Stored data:
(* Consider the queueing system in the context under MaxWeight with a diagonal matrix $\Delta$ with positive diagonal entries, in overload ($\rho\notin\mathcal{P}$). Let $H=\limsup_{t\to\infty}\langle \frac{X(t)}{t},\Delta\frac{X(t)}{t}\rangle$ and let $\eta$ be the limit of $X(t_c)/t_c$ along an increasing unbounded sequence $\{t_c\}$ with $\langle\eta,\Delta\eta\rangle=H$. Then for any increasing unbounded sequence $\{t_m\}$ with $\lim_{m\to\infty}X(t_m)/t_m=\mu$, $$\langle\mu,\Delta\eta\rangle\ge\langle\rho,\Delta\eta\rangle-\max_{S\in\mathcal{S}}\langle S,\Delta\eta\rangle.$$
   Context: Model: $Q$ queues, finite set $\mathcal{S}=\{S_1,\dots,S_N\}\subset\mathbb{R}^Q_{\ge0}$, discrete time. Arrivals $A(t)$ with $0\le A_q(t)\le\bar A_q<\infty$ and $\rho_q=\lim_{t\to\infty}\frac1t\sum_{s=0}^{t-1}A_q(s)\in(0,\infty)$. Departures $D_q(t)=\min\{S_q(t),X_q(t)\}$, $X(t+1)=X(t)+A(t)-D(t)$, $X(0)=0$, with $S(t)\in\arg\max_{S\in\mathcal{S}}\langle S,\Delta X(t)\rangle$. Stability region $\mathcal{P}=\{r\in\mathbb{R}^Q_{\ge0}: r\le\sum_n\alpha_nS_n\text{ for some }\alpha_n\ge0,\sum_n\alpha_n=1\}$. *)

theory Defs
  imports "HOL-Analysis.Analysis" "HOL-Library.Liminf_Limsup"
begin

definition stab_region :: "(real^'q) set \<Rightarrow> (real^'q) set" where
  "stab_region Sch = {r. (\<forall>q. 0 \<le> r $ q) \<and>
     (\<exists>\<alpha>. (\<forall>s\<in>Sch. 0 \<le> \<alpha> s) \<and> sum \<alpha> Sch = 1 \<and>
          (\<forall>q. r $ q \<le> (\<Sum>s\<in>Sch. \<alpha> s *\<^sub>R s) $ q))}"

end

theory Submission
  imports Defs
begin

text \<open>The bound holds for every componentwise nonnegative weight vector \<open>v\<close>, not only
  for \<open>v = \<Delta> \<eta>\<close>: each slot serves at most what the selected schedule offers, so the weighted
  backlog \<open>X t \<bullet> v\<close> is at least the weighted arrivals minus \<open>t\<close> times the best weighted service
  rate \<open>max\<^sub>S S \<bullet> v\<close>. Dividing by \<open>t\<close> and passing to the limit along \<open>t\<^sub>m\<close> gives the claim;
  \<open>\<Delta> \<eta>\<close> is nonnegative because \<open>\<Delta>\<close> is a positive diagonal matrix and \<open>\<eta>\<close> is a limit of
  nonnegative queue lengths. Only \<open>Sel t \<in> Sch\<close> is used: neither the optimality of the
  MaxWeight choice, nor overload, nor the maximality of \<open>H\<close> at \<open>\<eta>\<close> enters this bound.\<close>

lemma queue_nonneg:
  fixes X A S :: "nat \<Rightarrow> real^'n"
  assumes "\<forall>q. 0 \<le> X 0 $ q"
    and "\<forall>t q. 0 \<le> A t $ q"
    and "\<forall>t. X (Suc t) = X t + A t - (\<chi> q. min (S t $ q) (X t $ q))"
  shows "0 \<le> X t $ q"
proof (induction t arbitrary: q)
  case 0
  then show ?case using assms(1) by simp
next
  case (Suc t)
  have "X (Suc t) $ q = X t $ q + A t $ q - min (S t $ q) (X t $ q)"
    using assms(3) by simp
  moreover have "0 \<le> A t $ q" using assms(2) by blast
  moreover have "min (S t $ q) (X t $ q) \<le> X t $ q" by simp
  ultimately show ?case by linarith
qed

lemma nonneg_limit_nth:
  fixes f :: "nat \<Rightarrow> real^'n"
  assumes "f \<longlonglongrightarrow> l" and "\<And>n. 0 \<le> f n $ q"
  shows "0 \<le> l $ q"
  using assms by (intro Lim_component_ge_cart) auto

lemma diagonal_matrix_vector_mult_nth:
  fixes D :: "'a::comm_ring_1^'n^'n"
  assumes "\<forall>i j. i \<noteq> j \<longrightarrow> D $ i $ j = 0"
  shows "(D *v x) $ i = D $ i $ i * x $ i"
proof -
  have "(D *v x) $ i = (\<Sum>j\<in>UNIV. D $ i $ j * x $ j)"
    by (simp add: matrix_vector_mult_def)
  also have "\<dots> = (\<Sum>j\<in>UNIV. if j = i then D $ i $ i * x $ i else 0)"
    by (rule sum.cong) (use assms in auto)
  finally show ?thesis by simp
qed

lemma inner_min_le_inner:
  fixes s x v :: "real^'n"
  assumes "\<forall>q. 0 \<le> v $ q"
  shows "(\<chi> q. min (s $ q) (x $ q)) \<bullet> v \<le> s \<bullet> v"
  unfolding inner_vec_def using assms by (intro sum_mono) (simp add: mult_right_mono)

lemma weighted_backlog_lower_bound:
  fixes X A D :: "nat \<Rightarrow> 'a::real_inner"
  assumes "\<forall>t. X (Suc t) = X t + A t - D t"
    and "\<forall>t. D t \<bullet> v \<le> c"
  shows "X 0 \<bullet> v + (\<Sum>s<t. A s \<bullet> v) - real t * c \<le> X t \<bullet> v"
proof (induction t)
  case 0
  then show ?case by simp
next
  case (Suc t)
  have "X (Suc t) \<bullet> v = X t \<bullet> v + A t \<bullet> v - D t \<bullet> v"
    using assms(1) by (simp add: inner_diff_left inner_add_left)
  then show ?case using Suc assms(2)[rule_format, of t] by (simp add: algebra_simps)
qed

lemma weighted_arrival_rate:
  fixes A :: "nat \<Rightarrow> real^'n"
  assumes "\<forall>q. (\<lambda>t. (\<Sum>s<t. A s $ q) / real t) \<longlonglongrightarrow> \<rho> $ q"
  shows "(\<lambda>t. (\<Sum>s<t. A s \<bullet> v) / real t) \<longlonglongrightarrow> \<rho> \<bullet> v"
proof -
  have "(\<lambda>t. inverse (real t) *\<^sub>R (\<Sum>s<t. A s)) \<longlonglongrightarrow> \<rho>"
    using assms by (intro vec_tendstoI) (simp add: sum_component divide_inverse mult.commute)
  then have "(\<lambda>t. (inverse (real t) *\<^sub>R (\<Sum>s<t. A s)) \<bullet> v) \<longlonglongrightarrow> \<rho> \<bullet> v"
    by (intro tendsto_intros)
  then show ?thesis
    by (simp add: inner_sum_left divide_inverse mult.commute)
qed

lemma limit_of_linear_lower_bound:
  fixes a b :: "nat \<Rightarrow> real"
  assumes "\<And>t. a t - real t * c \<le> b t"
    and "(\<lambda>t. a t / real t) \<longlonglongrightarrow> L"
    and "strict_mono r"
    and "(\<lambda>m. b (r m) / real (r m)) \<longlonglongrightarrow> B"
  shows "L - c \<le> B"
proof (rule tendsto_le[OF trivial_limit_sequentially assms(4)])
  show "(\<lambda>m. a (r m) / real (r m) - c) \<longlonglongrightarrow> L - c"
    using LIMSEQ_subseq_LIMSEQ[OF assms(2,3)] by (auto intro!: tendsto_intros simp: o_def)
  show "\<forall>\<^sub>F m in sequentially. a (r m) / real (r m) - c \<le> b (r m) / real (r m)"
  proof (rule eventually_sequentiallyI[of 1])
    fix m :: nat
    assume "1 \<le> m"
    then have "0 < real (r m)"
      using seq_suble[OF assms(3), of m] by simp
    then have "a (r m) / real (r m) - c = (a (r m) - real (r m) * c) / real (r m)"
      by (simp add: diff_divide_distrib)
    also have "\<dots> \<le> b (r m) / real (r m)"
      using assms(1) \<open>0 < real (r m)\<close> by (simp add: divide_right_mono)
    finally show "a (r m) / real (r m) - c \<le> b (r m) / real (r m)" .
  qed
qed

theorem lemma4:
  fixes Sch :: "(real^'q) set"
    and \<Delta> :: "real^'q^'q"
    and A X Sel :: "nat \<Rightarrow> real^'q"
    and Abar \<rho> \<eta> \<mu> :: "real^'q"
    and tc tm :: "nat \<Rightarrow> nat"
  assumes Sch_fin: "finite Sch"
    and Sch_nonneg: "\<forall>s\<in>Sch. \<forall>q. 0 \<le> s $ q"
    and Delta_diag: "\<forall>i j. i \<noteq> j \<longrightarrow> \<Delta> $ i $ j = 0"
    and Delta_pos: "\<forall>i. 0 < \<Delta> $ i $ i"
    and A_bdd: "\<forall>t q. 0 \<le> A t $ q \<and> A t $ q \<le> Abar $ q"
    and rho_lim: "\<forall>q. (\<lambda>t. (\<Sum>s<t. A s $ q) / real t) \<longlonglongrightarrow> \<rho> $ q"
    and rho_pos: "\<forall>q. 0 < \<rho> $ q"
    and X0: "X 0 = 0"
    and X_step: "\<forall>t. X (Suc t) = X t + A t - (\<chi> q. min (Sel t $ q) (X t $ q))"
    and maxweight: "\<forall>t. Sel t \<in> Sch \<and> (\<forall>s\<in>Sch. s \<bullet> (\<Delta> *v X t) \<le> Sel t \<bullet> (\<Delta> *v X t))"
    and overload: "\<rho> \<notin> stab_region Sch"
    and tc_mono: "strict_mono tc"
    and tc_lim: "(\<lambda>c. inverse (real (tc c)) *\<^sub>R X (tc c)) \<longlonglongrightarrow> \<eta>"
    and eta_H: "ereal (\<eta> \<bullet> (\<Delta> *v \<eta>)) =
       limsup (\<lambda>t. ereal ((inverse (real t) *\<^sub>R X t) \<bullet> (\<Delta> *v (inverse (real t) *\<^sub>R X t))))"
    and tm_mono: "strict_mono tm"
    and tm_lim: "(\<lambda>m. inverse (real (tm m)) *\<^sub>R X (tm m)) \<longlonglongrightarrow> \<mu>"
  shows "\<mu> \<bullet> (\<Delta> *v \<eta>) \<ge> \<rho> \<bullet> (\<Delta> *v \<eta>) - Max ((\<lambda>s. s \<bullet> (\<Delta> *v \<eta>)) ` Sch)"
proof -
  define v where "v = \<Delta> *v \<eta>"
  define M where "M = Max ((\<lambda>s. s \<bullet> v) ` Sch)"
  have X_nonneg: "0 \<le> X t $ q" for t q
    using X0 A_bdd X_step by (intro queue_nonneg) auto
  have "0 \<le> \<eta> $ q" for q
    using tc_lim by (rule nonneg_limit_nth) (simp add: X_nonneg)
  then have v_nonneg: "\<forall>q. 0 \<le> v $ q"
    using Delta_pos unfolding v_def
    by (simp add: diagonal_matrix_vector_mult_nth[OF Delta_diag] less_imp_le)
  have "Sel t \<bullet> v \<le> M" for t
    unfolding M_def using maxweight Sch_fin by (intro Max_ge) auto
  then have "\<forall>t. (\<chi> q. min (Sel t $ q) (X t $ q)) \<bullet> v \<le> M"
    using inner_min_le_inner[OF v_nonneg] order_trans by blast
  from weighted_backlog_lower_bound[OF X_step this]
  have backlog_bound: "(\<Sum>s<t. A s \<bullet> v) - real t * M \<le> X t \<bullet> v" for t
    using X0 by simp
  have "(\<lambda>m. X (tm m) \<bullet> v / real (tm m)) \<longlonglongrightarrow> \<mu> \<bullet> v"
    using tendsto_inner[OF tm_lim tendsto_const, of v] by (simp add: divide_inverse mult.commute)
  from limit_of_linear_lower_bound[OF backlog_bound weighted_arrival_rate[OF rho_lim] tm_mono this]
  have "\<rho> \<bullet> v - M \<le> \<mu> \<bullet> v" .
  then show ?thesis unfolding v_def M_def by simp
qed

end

Problem to work on. All lines above containing the string "ereal" are to be collected.

Written answer.
    and eta_H: "ereal (\<eta> \<bullet> (\<Delta> *v \<eta>)) =
       limsup (\<lambda>t. ereal ((inverse (real t) *\<^sub>R X t) \<bullet> (\<Delta> *v (inverse (real t) *\<^sub>R X t))))"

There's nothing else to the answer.